WHAT THE TASK ASKS – The answer should consist of every line of the material, repeated verbatim.

^^^^

lemma open_contains_line_interval:
  fixes w :: "'a::real_normed_vector"
  assumes "open U" "u0 \<in> U"
  obtains \<delta> where "0 < \<delta>" "\<And>t. \<bar>t\<bar> < \<delta> \<Longrightarrow> u0 + t *\<^sub>R w \<in> U"
proof -
  obtain e where e: "0 < e" "ball u0 e \<subseteq> U" using assms open_contains_ball by blast
  have np: "0 < norm w + 1" by (simp add: add_nonneg_pos)
  show thesis
  proof
    show "0 < e / (norm w + 1)" using e np by simp
    fix t :: real assume t: "\<bar>t\<bar> < e / (norm w + 1)"
    have "norm (t *\<^sub>R w) \<le> \<bar>t\<bar> * (norm w + 1)" by (simp add: mult_left_mono)
    also have "\<dots> < e" using t np by (simp add: pos_less_divide_eq)
    finally show "u0 + t *\<^sub>R w \<in> U" using e by (auto simp: dist_norm)
  qed
qed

^^^^

EXERCISE SOLUTION –
lemma open_contains_line_interval:
  fixes w :: "'a::real_normed_vector"
  assumes "open U" "u0 \<in> U"
  obtains \<delta> where "0 < \<delta>" "\<And>t. \<bar>t\<bar> < \<delta> \<Longrightarrow> u0 + t *\<^sub>R w \<in> U"
proof -
  obtain e where e: "0 < e" "ball u0 e \<subseteq> U" using assms open_contains_ball by blast
  have np: "0 < norm w + 1" by (simp add: add_nonneg_pos)
  show thesis
  proof
    show "0 < e / (norm w + 1)" using e np by simp
    fix t :: real assume t: "\<bar>t\<bar> < e / (norm w + 1)"
    have "norm (t *\<^sub>R w) \<le> \<bar>t\<bar> * (norm w + 1)" by (simp add: mult_left_mono)
    also have "\<dots> < e" using t np by (simp add: pos_less_divide_eq)
    finally show "u0 + t *\<^sub>R w \<in> U" using e by (auto simp: dist_norm)
  qed
qed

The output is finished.